Figure 5 illustrates the entity classes, properties, instances, and their interrelationships within a PV station, emphasizing the hierarchical structure of the PV system and its associated metadata. This diagram facilitates a deeper understanding of the components of the Brick model. The azimuth is an attribute of the Brick model defined as the horizontal angle measured counterclockwise from true north (0°), with true south at 180°, true east at  −90°, and true west at 90°. The tilt angle is another attribute that indicates the steepness of the panel as the angle between its surface and the horizontal plane. For PV stations with modules oriented in two equal directions, slash notation indicates that 50% of the modules face one direction while the other 50% face the opposite. In cases where PV stations are on curved roofs, the azimuth angle is classified as “Mixed” to reflect the arrangement of modules along the building’s outline.

Fig. 5
figure 5

Brick model representation for the Indoor Sport Center PV station.

Technical Validation

Data accuracy

Table 3 summarizes the measurement uncertainties of 6 types of meteorological sensing equipment. PV measuring devices have an accuracy of  ± 2.5%, which means that every direct measurement, such as voltage, frequency, or current, may deviate up to 2.5% from the actual value. Values that are not directly measured but are calculated from various direct measurements, such as energy and generation power, have an accuracy of  ± 5%. These accuracies comply with the requirements for PV monitoring applications set forth by both EU and US regulations46,47. The PV stations and sensors undergo regular maintenance as per the specifications outlined by the Hong Kong Electrical and Mechanical Services Department (EMSD) to ensure their proper functioning.
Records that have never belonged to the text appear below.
theorem mainTheorem3:
  fixes V1 V2 :: "'v set" and E :: "'v edge set" and d :: nat and v :: 'v
  assumes "game_graph V1 V2 E d"
    and "v \<in> V1 \<union> V2"
  shows "(mp_value V1 E (mpw (V1 \<union> V2) E d) v \<ge> 0 \<longrightarrow>
            (\<forall>\<sigma>. positional V1 E \<sigma> \<and> optimal_max V1 V2 E (mpw (V1 \<union> V2) E d) (lift \<sigma>)
                  \<longrightarrow> winning1 V1 E d (lift \<sigma>) v))
       \<and> (mp_value V1 E (mpw (V1 \<union> V2) E d) v < 0 \<longrightarrow>
            (\<forall>\<tau>. positional V2 E \<tau> \<and> optimal_min V1 V2 E (mpw (V1 \<union> V2) E d) (lift \<tau>)
                  \<longrightarrow> winning2 V2 E d (lift \<tau>) v))"
proof (intro conjI impI allI; elim conjE)
  fix \<sigma>
  assume "0 \<le> mp_value V1 E (mpw (V1 \<union> V2) E d) v"
    and "optimal_max V1 V2 E (mpw (V1 \<union> V2) E d) (lift \<sigma>)"
  then show "winning1 V1 E d (lift \<sigma>) v"
    using winning1_if_guar_max_nonneg[OF assms] guar_max_nonneg_if_mp_value_nonneg[OF assms(2)] by blast
next
  fix \<tau>
  assume "mp_value V1 E (mpw (V1 \<union> V2) E d) v < 0"
    and "optimal_min V1 V2 E (mpw (V1 \<union> V2) E d) (lift \<tau>)"
  then show "winning2 V2 E d (lift \<tau>) v"
    using winning2_if_guar_min_neg[OF assms]
      guar_min_neg_if_mp_value_neg[OF assms _ _ abs_mpw_le[OF assms(1)]] by blast
qed

end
Furthermore, we conducted a data accuracy assessment by comparing the readings from different sensors using fundamental principles. In the case of solar PV plants equipped with panel optimizers, data is collected at both the site and inverter levels, allowing us to evaluate the measurement accuracy by comparing the sensor readings at these two levels. For this purpose, we integrated the power data collected from sensors at the site and inverter levels, which were recorded at 15-minute and 5-minute intervals, respectively. Figure 6 presents an example of this calculation for the library station on August 31, 2022. The Library PV station consists of three inverters: Inverter 1 is connected to 156 PV modules and 78 optimizers, Inverter 2 to 152 PV modules and 76 optimizers, and Inverter 3 to 152 PV modules and 76 optimizers. The integration results for the power data from three inverters were 175.77 kWh, 251.88 kWh, and 213.90 kWh, respectively. The integration result for the power data from the site level was 642.09 kWh. The generation difference refers to the absolute value of the disparity in daily power generation calculated from the two levels. On this day, the power generation data derived from the two levels exhibited a deviation of 0.529 kWh, equivalent to a relative error of 0.08%.

Fig. 6
figure 6

Daily power generation discrepancy assessment for the library PV station on August 31, 2022, illustrating inverter performance and integration results.
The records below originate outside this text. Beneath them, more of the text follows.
lemma funpow_inverse: "(\<rho> ^^ ((p - 1) * q)) ((\<rho> ^^ q) x) = x"
proof -
  have "(p - 1) * q + q = p * q"
    using order_ge_2 by (simp add: algebra_simps)
  then have "\<rho> ^^ ((p - 1) * q) \<circ> \<rho> ^^ q = id"
    by (simp add: funpow_add[symmetric] funpow_mult_order)
  then show ?thesis by (simp add: fun_eq_iff)
qed

lemma funpow_fixed_iff: "\<rho> x \<noteq> x \<Longrightarrow> (\<rho> ^^ n) x = x \<longleftrightarrow> p dvd n"
proof -
  assume moved: "\<rho> x \<noteq> x"
  have "least_power \<rho> x dvd p"
    using least_power_dvd[OF permutation] funpow_order by simp
  moreover have "least_power \<rho> x \<noteq> 1"
    using least_power_gt_one[OF permutation moved] by simp
  ultimately have "least_power \<rho> x = p"
    using prime_order unfolding prime_nat_iff by blast
  then show ?thesis using least_power_dvd[OF permutation, of x n] by simp
qed

lemma funpow_moved:
  assumes "\<rho> x \<noteq> x" shows "\<rho> ((\<rho> ^^ k) x) \<noteq> (\<rho> ^^ k) x"
proof
  assume "\<rho> ((\<rho> ^^ k) x) = (\<rho> ^^ k) x"
  then have "(\<rho> ^^ k) (\<rho> x) = (\<rho> ^^ k) x"
    by (simp add: funpow_swap1)
  moreover have "inj (\<rho> ^^ k)"
    using permutation_bijective[OF permutation] bij_is_inj inj_fn by blast
  ultimately show False
    using assms by (simp add: inj_eq)
qed

lemma funpow_inj_on_orbit:
  assumes "\<rho> x \<noteq> x" "q < p" "q' < p" "(\<rho> ^^ q) x = (\<rho> ^^ q') x"
  shows "q = q'"
proof -
  have inj: "inj \<rho>"
    using permutation_bijective[OF permutation] bij_is_inj by blast
  have "p dvd (max q q' - min q q')"
    using funpow_diff[OF inj, of "min q q'" "max q q'" x] assms(4) funpow_fixed_iff[OF assms(1)]
    by (cases "q \<le> q'") (simp_all add: max_def min_def)
  then show ?thesis
    using assms(2,3) by (cases "q \<le> q'") (auto dest: dvd_imp_le)
qed

definition orbit_min :: "nat \<Rightarrow> bool" where
  "orbit_min x \<longleftrightarrow> \<rho> x \<noteq> x \<and> (\<forall>k. x \<le> (\<rho> ^^ k) x)"

lemma finite_orbit_min: "finite (Collect orbit_min)"
  using permutation_finite_support[OF permutation]
  by (rule rev_finite_subset) (auto simp: orbit_min_def)

lemma orbit_min_unique:
  assumes "orbit_min x" "orbit_min x'" "(\<rho> ^^ q) x = (\<rho> ^^ q') x'"
  shows "x = x'"
proof -
  have "x' = (\<rho> ^^ ((p - 1) * q' + q)) x"
    by (metis assms(3) funpow_inverse funpow_add comp_apply)
  moreover have "x = (\<rho> ^^ ((p - 1) * q + q')) x'"
    by (metis assms(3) funpow_inverse funpow_add comp_apply)
  ultimately show ?thesis
    using assms(1,2) unfolding orbit_min_def by (metis le_antisym)
qed

lemma exists_orbit_min:
  assumes "\<rho> y \<noteq> y"
  shows "\<exists>x q. orbit_min x \<and> q < p \<and> y = (\<rho> ^^ q) x"
proof -
  define orb where "orb = (\<lambda>k. (\<rho> ^^ k) y) ` {..<p}"
  have "finite orb" "orb \<noteq> {}"
    using order_ge_2 by (auto simp: orb_def lessThan_empty_iff)
  then obtain k0 where k0: "k0 < p" "Min orb = (\<rho> ^^ k0) y"
    using Min_in unfolding orb_def by blast
  have "Min orb \<le> (\<rho> ^^ k) (Min orb)" for k
  proof -
    have "(\<rho> ^^ k) (Min orb) = (\<rho> ^^ ((k + k0) mod p)) y"
      using k0(2) funpow_mod[of "k + k0"] by (simp add: funpow_add)
    moreover have "(\<rho> ^^ ((k + k0) mod p)) y \<in> orb"
      using order_ge_2 by (auto simp: orb_def)
    ultimately show ?thesis using \<open>finite orb\<close> by simp
  qed
  then have "orbit_min (Min orb)"
    using funpow_moved[OF assms] k0(2) by (simp add: orbit_min_def)
  moreover have "y = (\<rho> ^^ (((p - 1) * k0) mod p)) (Min orb)"
    using funpow_inverse[of k0 y] funpow_mod k0(2) by simp
  moreover have "((p - 1) * k0) mod p < p"
    using order_ge_2 by simp
  ultimately show ?thesis by blast
qed

text \<open>Listing the orbit minima as \<open>S\<close>, the \<open>i\<close>-th element below is \<open>\<rho>\<^sup>q(S\<^sub>s)\<close> for
  \<open>i = q |S| + s\<close>, so that \<open>\<rho>\<close> acts on indices as a shift by \<open>|S|\<close> modulo \<open>|S| p\<close>.\<close>

definition orbit_enum :: "nat list \<Rightarrow> nat \<Rightarrow> nat" where
  "orbit_enum S i = (\<rho> ^^ (i div length S)) (S ! (i mod length S))"

context
  fixes S :: "nat list"
  assumes distinct_S: "distinct S" and set_S: "set S = Collect orbit_min"
begin

lemma orbit_enum_inj: "inj_on (orbit_enum S) {..<length S * p}"
proof (rule inj_onI)
  fix i j
  assume ij: "i \<in> {..<length S * p}" "j \<in> {..<length S * p}" "orbit_enum S i = orbit_enum S j"
  let ?r = "length S"
  have r: "0 < ?r" using ij(1) by (cases ?r) auto
  have mins: "orbit_min (S ! (i mod ?r))" "orbit_min (S ! (j mod ?r))"
    using set_S r by (metis mem_Collect_eq mod_less_divisor nth_mem)+
  then have "S ! (i mod ?r) = S ! (j mod ?r)"
    using ij(3) orbit_min_unique unfolding orbit_enum_def by blast
  then have s: "i mod ?r = j mod ?r"
    using distinct_S r by (simp add: nth_eq_iff_index_eq)
  have "i div ?r < p" "j div ?r < p"
    using ij(1,2) by (simp_all add: less_mult_imp_div_less mult.commute)
  moreover have "(\<rho> ^^ (i div ?r)) (S ! (i mod ?r)) = (\<rho> ^^ (j div ?r)) (S ! (i mod ?r))"
    using ij(3) s by (simp add: orbit_enum_def)
  ultimately have "i div ?r = j div ?r"
    using funpow_inj_on_orbit[of "S ! (i mod ?r)" "i div ?r" "j div ?r"] mins(1)
    by (simp add: orbit_min_def)
  with s show "i = j" by (metis div_mult_mod_eq)
qed

lemma orbit_enum_cover: "{x. \<rho> x \<noteq> x} \<subseteq> orbit_enum S ` {..<length S * p}"
proof
  fix y
  assume "y \<in> {x. \<rho> x \<noteq> x}"
  then obtain x q where x: "orbit_min x" "q < p" "y = (\<rho> ^^ q) x"
    using exists_orbit_min by blast
  then obtain s where s: "s < length S" "S ! s = x"
    using set_S by (metis in_set_conv_nth mem_Collect_eq)
  have "q * length S + s < length S * p"
  proof -
    have "q * length S + s < Suc q * length S" using s(1) by simp
    also have "\<dots> \<le> p * length S" using x(2) by (intro mult_le_mono1) simp
    finally show ?thesis by (simp add: mult.commute)
  qed
  moreover have "orbit_enum S (q * length S + s) = y"
  proof -
    have "length S \<noteq> 0" using s(1) by auto
    then have "(q * length S + s) div length S = q" "(q * length S + s) mod length S = s"
      using s(1) by (simp_all add: add.commute[of "q * length S"])
    then show ?thesis using s x(3) by (simp add: orbit_enum_def)
  qed
  ultimately show "y \<in> orbit_enum S ` {..<length S * p}" by blast
qed

lemma orbit_enum_shift:
  assumes "i < length S * p"
  shows "\<rho> (orbit_enum S i) = orbit_enum S ((i + length S) mod (length S * p))"
proof -
  let ?r = "length S"
  have r: "0 < ?r" using assms by (cases ?r) auto
  have "(i + ?r) div ?r = i div ?r + 1" "(i + ?r) mod ?r = i mod ?r"
    using r by (simp_all add: div_add_self2)
  then have "(i + ?r) mod (?r * p) = ?r * ((i div ?r + 1) mod p) + i mod ?r"
    using mod_mult2_eq[of "i + ?r" ?r p] by simp
  then have "orbit_enum S ((i + ?r) mod (?r * p)) = (\<rho> ^^ ((i div ?r + 1) mod p)) (S ! (i mod ?r))"
    using r by (simp add: orbit_enum_def)
  also have "\<dots> = \<rho> (orbit_enum S i)"
    using funpow_mod[of "i div ?r + 1"] by (simp add: orbit_enum_def)
  finally show ?thesis by simp
qed

end

lemma orbit_enumeration:
  assumes "\<rho> \<noteq> id"
  obtains r e where "0 < r" "inj_on e {..<r * p}" "{x. \<rho> x \<noteq> x} \<subseteq> e ` {..<r * p}"
    "\<And>i. i < r * p \<Longrightarrow> \<rho> (e i) = e ((i + r) mod (r * p))"
proof -
  obtain S where S: "distinct S" "set S = Collect orbit_min"
    using finite_distinct_list[OF finite_orbit_min] by blast
  obtain y where "\<rho> y \<noteq> y" using assms by (auto simp: fun_eq_iff)
  then have "length S \<noteq> 0"
    using orbit_enum_cover[OF S] by auto
  then show ?thesis
    using that[OF _ orbit_enum_inj[OF S] orbit_enum_cover[OF S] orbit_enum_shift[OF S]] by simp
qed

end

section \<open>Braids with a prescribed permutation\<close>

definition descending_word :: "nat \<Rightarrow> nat \<Rightarrow> braid_word" where
  "descending_word a b = map (\<lambda>k. (k, True)) (rev [a..<b])"

lemma perm_of_descending_word:
  assumes "a \<le> b"
  shows "perm_of (descending_word a b) a = b \<and> (\<forall>i<a. perm_of (descending_word a b) i = i)"
  using assms
proof (induction b rule: dec_induct)
  case base
  then show ?case by (simp add: descending_word_def)
next
  case (step b)
  then have "descending_word a (Suc b) = (b, True) # descending_word a b"
    by (simp add: descending_word_def)
  then show ?case using step by (auto simp: perm_gen_def)
qed

lemma exists_perm_of_prefix:
  assumes "distinct t"
  shows "\<exists>g. \<forall>i<length t. perm_of g i = t ! i"
  using assms
proof (induction t rule: rev_induct)
  case Nil
  show ?case by simp
next
  case (snoc z t)
  then obtain g where g: "\<forall>i<length t. perm_of g i = t ! i" by auto
  define y where "y = perm_of (inverse_word g) z"
  have gy: "perm_of g y = z"
    by (simp add: y_def perm_of_inverse_word)
  have "length t \<le> y"
  proof (rule ccontr)
    assume "\<not> length t \<le> y"
    then have "z \<in> set t" using g gy by (metis not_le nth_mem)
    then show False using snoc.prems by simp
  qed
  then have "perm_of (g @ descending_word (length t) y) i = (t @ [z]) ! i"
    if "i < length (t @ [z])" for i
    using that g gy perm_of_descending_word[of "length t" y]
    by (cases "i < length t") (auto simp: nth_append less_Suc_eq)
  then show ?case by blast
qed

lemma perm_of_conjugate_relabel:
  assumes "distinct t" "{x. \<rho> x \<noteq> x} \<subseteq> set t"
    and "\<And>i. i < length t \<Longrightarrow> perm_of D i < length t \<and> \<rho> (t ! i) = t ! perm_of D i"
    and "\<And>i. length t \<le> i \<Longrightarrow> perm_of D i = i"
  shows "\<exists>g. perm_of (g @ D @ inverse_word g) = \<rho>"
proof -
  obtain g where g: "\<forall>i<length t. perm_of g i = t ! i"
    using exists_perm_of_prefix[OF assms(1)] by blast
  have "perm_of (g @ D @ inverse_word g) x = \<rho> x" for x
  proof -
    obtain y where x: "x = perm_of g y"
      using perm_of_inverse_word(2) by metis
    then have y: "perm_of (inverse_word g) x = y"
      by (simp add: perm_of_inverse_word)
    show ?thesis
    proof (cases "y < length t")
      case True
      then have "x = t ! y" using x g by simp
      then show ?thesis
        using assms(3)[OF True] g y by simp
    next
      case False
      have "\<rho> x = x"
      proof (rule ccontr)
        assume "\<rho> x \<noteq> x"
        then obtain j where j: "j < length t" "t ! j = x"
          using assms(2) in_set_conv_nth[of x t] by blast
        then have "perm_of (inverse_word g) (perm_of g j) = perm_of (inverse_word g) (perm_of g y)"
          using g x by simp
        then show False using j False by (simp add: perm_of_inverse_word)
      qed
      then show ?thesis
        using assms(4) False x y by simp
    qed
  qed
  then show ?thesis by blast
qed

lemma perm_of_ascending_word_from_0:
  "perm_of (ascending_word 0 n) i = (if i < n then Suc i else if i = n then 0 else i)"
proof (induction n arbitrary: i)
  case 0
  then show ?case by (simp add: ascending_word_def)
next
  case (Suc n)
  then show ?case by (auto simp: ascending_word_Suc perm_gen_def)
qed

lemma perm_of_ascending_word_pow:
  "perm_of (word_pow k (ascending_word 0 (m - 1))) i = (if i < m then (i + k) mod m else i)"
proof -
  have "perm_of (ascending_word 0 (m - 1)) i = (if i < m then Suc i mod m else i)" for i
  proof (cases "i = m - 1 \<and> 0 < m")
    case True
    then have "Suc i = m" by simp
    then show ?thesis using True by (simp add: perm_of_ascending_word_from_0)
  qed (auto simp: perm_of_ascending_word_from_0)
  then have "(perm_of (ascending_word 0 (m - 1)) ^^ k) i = (if i < m then (i + k) mod m else i)"
    by (induction k) (auto simp: mod_Suc_eq)
  then show ?thesis by (simp add: perm_of_word_pow)
qed

lemma perm_of_half_twist3: "perm_of half_twist3 = transpose 0 2"
  by (auto simp: half_twist3_def perm_gen_def transpose_def fun_eq_iff)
The same calculation was conducted for each day in 37 solar PV plants equipped with panel optimizers. Figure 7 illustrates the daily generation data derived from both site-level and inverter-level measurements. Each point in the scatter plot represents daily generation data, with the x-axis representing the generation integrated from site data and the y-axis representing the generation integrated from inverter data. A 1:1 line is included to emphasize the anticipated agreement between the two datasets. The table within the figure summarizes the percentage of days that fall within specific generation difference ranges (in kWh), revealing that over 60% of days exhibit a difference of less than 0.1 kWh. Over a three-year period, the average daily generation difference across all power stations was 0.34 kWh, with a standard deviation of 2.02 kWh. Our analysis indicates that the measurement difference was less than 1 kWh on more than 92% of the days. Furthermore, the average relative error was 0.32%, which is defined as the absolute value of the difference divided by the smaller of the two calculated daily generation values. These findings confirm a strong consistency between the data calculated at the site and inverter levels, thereby validating the quality of data measurement and recording.

Fig. 7
figure 7

Comparative assessment of daily generation discrepancies across 37 solar PV stations equipped with panel-level optimizers: analyzing site-level and inverter-level measurement data.

Data missing rate

In addition to data accuracy, the data missing rate is another important indicator of data quality. The missing rate for each data type is calculated as shown in Eq. (1). Table 4 presents an overall assessment of the missing data rates for meteorological and PV generation data over a three-year period. According to the grading system established by Lindig et al.48, data quality is classified into four levels: Grade A, Grade B, Grade C, and Grade D. Our data is classified as Grade A, given that the missing rate is below 10%, indicating high data quality.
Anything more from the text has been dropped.